- _What is being asked_: Please print the data that follows, keeping every line exact.

- _Dataset records_:

lemma bij_betw_sign_matrices_rows:
  "bij_betw (\<lambda>R. \<lambda>i\<in>{..<h}. mat_row N R i) (sign_matrices h N) (PiE {..<h} (\<lambda>_. sign_vectors N))"
proof (rule bij_betw_byWitness[where f' = "\<lambda>F (i, j). if i < h \<and> j < N then F i j else undefined"])
  show "\<forall>R\<in>sign_matrices h N. (\<lambda>(i, j). if i < h \<and> j < N then (\<lambda>i\<in>{..<h}. mat_row N R i) i j else undefined) = R"
    by (auto simp: sign_matrices_def mat_row_def PiE_def extensional_def fun_eq_iff)
  show "\<forall>F\<in>PiE {..<h} (\<lambda>_. sign_vectors N).
          (\<lambda>i\<in>{..<h}. mat_row N (\<lambda>(i, j). if i < h \<and> j < N then F i j else undefined) i) = F"
    by (auto simp: sign_vectors_def mat_row_def PiE_iff extensional_def fun_eq_iff)
  show "(\<lambda>R. \<lambda>i\<in>{..<h}. mat_row N R i) ` sign_matrices h N \<subseteq> PiE {..<h} (\<lambda>_. sign_vectors N)"
    unfolding sign_matrices_def sign_vectors_def mat_row_def by (force simp: PiE_iff)
  show "(\<lambda>F (i, j). if i < h \<and> j < N then F i j else undefined) ` PiE {..<h} (\<lambda>_. sign_vectors N)
          \<subseteq> sign_matrices h N"
  proof (rule image_subsetI)
    fix F
    assume "F \<in> PiE {..<h} (\<lambda>_. sign_vectors N)"
    then have "F i j \<in> {-1, 1}" if "i < h" "j < N" for i j
      using that by (auto simp: sign_vectors_def)
    then show "(\<lambda>(i, j). if i < h \<and> j < N then F i j else undefined) \<in> sign_matrices h N"
      by (auto simp: sign_matrices_def PiE_iff extensional_def)
  qed
qed

lemma prob_rademacher_rows:
  "measure_pmf.prob (rademacher_matrix h N) {R. \<forall>i<h. Q (mat_row N R i)}
     = (real (card {r \<in> sign_vectors N. Q r}) / 2 ^ N) ^ h"
proof -
  have "bij_betw (\<lambda>R. \<lambda>i\<in>{..<h}. mat_row N R i) {R \<in> sign_matrices h N. \<forall>i<h. Q (mat_row N R i)}
          {F \<in> PiE {..<h} (\<lambda>_. sign_vectors N). \<forall>i<h. Q (F i)}"
    by (rule bij_betw_Collect[OF bij_betw_sign_matrices_rows]) auto
  moreover have "{F \<in> PiE {..<h} (\<lambda>_. sign_vectors N). \<forall>i<h. Q (F i)}
                   = PiE {..<h} (\<lambda>_. {r \<in> sign_vectors N. Q r})"
    by (auto simp: PiE_def Pi_def)
  ultimately have "card (sign_matrices h N \<inter> {R. \<forall>i<h. Q (mat_row N R i)}) = card {r \<in> sign_vectors N. Q r} ^ h"
    by (simp add: bij_betw_same_card Int_def card_PiE)
  moreover have "card (sign_matrices h N) = (2 ^ N) ^ h"
    using bij_betw_same_card[OF bij_betw_sign_matrices_rows]
    by (simp add: card_PiE card_sign_vectors)
  moreover have "finite (sign_matrices h N)" "sign_matrices h N \<noteq> {}"
    by (auto simp: sign_matrices_def PiE_eq_empty_iff intro!: finite_PiE)
  ultimately show ?thesis
    by (simp add: rademacher_matrix_def measure_pmf_of_set power_divide)
qed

- _Exercise output_:
lemma bij_betw_sign_matrices_rows:
  "bij_betw (\<lambda>R. \<lambda>i\<in>{..<h}. mat_row N R i) (sign_matrices h N) (PiE {..<h} (\<lambda>_. sign_vectors N))"
proof (rule bij_betw_byWitness[where f' = "\<lambda>F (i, j). if i < h \<and> j < N then F i j else undefined"])
  show "\<forall>R\<in>sign_matrices h N. (\<lambda>(i, j). if i < h \<and> j < N then (\<lambda>i\<in>{..<h}. mat_row N R i) i j else undefined) = R"
    by (auto simp: sign_matrices_def mat_row_def PiE_def extensional_def fun_eq_iff)
  show "\<forall>F\<in>PiE {..<h} (\<lambda>_. sign_vectors N).
          (\<lambda>i\<in>{..<h}. mat_row N (\<lambda>(i, j). if i < h \<and> j < N then F i j else undefined) i) = F"
    by (auto simp: sign_vectors_def mat_row_def PiE_iff extensional_def fun_eq_iff)
  show "(\<lambda>R. \<lambda>i\<in>{..<h}. mat_row N R i) ` sign_matrices h N \<subseteq> PiE {..<h} (\<lambda>_. sign_vectors N)"
    unfolding sign_matrices_def sign_vectors_def mat_row_def by (force simp: PiE_iff)
  show "(\<lambda>F (i, j). if i < h \<and> j < N then F i j else undefined) ` PiE {..<h} (\<lambda>_. sign_vectors N)
          \<subseteq> sign_matrices h N"
  proof (rule image_subsetI)
    fix F
    assume "F \<in> PiE {..<h} (\<lambda>_. sign_vectors N)"
    then have "F i j \<in> {-1, 1}" if "i < h" "j < N" for i j
      using that by (auto simp: sign_vectors_def)
    then show "(\<lambda>(i, j). if i < h \<and> j < N then F i j else undefined) \<in> sign_matrices h N"
      by (auto simp: sign_matrices_def PiE_iff extensional_def)
  qed
qed

lemma prob_rademacher_rows:
  "measure_pmf.prob (rademacher_matrix h N) {R. \<forall>i<h. Q (mat_row N R i)}
     = (real (card {r \<in> sign_vectors N. Q r}) / 2 ^ N) ^ h"
proof -
  have "bij_betw (\<lambda>R. \<lambda>i\<in>{..<h}. mat_row N R i) {R \<in> sign_matrices h N. \<forall>i<h. Q (mat_row N R i)}
          {F \<in> PiE {..<h} (\<lambda>_. sign_vectors N). \<forall>i<h. Q (F i)}"
    by (rule bij_betw_Collect[OF bij_betw_sign_matrices_rows]) auto
  moreover have "{F \<in> PiE {..<h} (\<lambda>_. sign_vectors N). \<forall>i<h. Q (F i)}
                   = PiE {..<h} (\<lambda>_. {r \<in> sign_vectors N. Q r})"
    by (auto simp: PiE_def Pi_def)
  ultimately have "card (sign_matrices h N \<inter> {R. \<forall>i<h. Q (mat_row N R i)}) = card {r \<in> sign_vectors N. Q r} ^ h"
    by (simp add: bij_betw_same_card Int_def card_PiE)
  moreover have "card (sign_matrices h N) = (2 ^ N) ^ h"
    using bij_betw_same_card[OF bij_betw_sign_matrices_rows]
    by (simp add: card_PiE card_sign_vectors)
  moreover have "finite (sign_matrices h N)" "sign_matrices h N \<noteq> {}"
    by (auto simp: sign_matrices_def PiE_eq_empty_iff intro!: finite_PiE)
  ultimately show ?thesis
    by (simp add: rademacher_matrix_def measure_pmf_of_set power_divide)
qed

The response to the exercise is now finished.